-------- Raw data

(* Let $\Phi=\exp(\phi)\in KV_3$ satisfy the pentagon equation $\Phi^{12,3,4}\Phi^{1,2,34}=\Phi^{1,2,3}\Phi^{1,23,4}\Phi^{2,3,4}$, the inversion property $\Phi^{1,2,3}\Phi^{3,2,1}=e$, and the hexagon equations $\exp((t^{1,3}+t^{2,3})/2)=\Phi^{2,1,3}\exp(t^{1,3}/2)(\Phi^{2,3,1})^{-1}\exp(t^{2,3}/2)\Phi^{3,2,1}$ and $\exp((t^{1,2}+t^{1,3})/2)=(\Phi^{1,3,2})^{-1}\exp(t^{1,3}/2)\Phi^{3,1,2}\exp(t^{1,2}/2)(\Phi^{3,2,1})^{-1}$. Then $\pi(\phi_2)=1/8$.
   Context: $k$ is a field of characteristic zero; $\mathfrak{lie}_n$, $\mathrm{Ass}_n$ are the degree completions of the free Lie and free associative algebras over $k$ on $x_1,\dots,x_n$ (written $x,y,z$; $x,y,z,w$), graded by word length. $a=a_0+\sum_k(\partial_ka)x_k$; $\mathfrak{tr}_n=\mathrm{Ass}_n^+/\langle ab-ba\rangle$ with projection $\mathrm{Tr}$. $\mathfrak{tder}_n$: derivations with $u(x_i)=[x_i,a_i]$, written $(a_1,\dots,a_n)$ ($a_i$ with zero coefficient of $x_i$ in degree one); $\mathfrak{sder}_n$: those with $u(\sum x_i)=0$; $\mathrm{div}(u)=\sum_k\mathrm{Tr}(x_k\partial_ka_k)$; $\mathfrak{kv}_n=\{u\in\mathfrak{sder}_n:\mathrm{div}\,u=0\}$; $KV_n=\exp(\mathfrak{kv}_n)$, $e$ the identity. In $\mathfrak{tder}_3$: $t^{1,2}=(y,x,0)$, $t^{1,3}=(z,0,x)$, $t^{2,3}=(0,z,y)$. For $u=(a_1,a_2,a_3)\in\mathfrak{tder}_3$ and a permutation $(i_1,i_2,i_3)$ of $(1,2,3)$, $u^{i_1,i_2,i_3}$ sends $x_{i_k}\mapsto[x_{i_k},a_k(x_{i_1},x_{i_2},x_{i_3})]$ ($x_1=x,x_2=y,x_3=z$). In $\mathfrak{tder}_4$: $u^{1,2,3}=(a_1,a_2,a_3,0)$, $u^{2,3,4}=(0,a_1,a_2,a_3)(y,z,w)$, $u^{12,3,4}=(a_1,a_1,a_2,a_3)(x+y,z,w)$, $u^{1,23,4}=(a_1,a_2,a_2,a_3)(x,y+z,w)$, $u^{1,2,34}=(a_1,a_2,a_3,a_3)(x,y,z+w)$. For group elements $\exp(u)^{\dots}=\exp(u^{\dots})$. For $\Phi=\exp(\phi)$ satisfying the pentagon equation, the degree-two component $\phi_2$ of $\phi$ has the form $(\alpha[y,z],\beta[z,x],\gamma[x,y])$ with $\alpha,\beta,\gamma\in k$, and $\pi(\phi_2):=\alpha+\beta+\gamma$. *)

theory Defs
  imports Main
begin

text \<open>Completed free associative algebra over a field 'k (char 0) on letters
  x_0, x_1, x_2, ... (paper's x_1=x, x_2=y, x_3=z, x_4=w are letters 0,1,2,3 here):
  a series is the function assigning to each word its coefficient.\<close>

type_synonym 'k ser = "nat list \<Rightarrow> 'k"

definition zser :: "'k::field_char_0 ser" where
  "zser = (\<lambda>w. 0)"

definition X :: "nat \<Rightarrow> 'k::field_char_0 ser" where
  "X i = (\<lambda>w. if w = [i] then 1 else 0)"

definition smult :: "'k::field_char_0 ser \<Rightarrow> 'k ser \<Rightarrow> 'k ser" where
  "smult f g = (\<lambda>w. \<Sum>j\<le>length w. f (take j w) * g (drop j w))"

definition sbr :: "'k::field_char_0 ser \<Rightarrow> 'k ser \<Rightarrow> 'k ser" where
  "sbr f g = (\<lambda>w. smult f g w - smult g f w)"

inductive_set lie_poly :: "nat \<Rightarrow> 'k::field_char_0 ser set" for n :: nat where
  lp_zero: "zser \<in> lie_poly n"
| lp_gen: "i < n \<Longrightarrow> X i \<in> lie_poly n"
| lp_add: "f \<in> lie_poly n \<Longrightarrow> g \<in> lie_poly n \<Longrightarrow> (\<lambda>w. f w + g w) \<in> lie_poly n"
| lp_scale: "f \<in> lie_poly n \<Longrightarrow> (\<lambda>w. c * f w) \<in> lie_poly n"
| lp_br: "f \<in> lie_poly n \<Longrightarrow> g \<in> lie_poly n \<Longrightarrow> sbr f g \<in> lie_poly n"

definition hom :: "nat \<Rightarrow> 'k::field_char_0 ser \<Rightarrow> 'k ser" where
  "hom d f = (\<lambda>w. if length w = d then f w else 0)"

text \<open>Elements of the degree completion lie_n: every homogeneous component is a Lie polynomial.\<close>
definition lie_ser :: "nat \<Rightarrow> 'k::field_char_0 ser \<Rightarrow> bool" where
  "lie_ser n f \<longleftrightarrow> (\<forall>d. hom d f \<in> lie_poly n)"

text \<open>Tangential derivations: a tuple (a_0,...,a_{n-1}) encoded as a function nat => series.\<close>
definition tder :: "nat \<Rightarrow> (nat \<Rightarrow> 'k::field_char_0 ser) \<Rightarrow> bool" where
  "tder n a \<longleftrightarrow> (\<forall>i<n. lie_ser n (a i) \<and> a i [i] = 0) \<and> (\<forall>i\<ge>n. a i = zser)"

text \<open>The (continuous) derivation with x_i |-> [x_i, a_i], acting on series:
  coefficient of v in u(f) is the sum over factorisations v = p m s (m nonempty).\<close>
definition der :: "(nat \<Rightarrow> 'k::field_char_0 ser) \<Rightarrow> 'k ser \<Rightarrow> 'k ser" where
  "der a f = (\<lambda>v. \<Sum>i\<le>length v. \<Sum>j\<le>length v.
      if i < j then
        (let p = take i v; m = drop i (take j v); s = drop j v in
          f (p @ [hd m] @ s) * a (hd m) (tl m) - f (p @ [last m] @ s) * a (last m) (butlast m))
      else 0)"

----------------
-------- Raw data

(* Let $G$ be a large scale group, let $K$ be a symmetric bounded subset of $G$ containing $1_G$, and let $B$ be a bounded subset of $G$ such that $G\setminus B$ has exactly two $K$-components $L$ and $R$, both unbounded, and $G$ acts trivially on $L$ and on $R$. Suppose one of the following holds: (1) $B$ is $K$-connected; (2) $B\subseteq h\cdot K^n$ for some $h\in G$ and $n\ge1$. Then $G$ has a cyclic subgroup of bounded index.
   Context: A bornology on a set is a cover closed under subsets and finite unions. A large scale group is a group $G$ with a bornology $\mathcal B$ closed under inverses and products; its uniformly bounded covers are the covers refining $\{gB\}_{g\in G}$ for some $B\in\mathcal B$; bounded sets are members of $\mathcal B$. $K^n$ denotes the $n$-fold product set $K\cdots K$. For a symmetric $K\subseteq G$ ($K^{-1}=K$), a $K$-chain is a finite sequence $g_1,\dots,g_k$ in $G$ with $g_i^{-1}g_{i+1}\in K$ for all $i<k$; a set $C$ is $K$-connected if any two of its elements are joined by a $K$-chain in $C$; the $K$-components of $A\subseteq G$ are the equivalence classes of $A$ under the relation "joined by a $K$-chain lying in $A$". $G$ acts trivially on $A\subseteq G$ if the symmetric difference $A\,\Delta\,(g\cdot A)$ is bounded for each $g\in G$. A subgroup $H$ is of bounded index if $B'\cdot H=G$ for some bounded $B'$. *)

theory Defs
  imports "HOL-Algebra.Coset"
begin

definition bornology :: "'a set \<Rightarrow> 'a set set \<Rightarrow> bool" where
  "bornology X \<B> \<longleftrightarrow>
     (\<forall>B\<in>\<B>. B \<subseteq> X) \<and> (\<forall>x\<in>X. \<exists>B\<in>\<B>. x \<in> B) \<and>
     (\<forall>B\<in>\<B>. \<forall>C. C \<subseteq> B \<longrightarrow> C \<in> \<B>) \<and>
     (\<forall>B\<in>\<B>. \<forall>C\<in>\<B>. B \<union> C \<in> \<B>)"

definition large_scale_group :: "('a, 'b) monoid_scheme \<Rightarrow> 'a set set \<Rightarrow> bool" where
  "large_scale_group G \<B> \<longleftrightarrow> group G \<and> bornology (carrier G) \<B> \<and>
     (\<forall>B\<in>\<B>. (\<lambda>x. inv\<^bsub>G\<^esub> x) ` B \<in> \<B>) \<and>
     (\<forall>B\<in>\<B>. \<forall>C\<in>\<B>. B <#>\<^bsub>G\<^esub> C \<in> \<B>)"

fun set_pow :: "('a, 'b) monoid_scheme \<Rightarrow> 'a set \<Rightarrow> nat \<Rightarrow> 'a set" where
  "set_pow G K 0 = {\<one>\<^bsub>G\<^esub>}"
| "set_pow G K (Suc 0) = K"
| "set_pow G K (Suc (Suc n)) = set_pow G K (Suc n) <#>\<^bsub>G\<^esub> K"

----------------
-------- Raw data

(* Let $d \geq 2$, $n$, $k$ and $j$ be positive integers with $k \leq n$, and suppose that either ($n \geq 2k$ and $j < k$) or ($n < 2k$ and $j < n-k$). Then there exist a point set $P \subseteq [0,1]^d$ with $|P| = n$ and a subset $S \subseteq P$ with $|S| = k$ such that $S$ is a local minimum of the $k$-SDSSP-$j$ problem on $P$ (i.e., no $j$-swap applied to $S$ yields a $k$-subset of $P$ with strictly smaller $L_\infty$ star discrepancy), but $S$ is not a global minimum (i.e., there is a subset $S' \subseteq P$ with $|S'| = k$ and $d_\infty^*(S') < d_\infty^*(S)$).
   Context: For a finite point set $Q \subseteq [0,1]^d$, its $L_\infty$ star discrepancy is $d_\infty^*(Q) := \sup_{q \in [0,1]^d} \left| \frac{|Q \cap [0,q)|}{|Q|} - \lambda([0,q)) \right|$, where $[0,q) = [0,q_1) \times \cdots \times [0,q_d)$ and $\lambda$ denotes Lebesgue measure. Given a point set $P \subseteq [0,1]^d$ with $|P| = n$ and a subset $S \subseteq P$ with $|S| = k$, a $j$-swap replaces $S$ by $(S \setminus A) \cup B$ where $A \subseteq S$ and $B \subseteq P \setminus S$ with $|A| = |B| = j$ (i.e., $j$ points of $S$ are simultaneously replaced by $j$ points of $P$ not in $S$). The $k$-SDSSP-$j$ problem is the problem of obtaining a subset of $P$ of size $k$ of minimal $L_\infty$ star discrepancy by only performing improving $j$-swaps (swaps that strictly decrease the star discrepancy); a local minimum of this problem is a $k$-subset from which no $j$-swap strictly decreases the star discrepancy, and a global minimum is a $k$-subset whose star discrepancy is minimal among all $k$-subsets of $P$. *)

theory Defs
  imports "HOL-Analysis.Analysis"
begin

----------------

:: Work instructions ::
Set down, from the entries above, exactly the lines from the one with "set \<Rightarrow> 'a" up to and including the one with "(\<forall>B\<in>\<B>. \<forall>C. C", and no other lines.

:: Solution below ::
definition bornology :: "'a set \<Rightarrow> 'a set set \<Rightarrow> bool" where
  "bornology X \<B> \<longleftrightarrow>
     (\<forall>B\<in>\<B>. B \<subseteq> X) \<and> (\<forall>x\<in>X. \<exists>B\<in>\<B>. x \<in> B) \<and>
     (\<forall>B\<in>\<B>. \<forall>C. C \<subseteq> B \<longrightarrow> C \<in> \<B>) \<and>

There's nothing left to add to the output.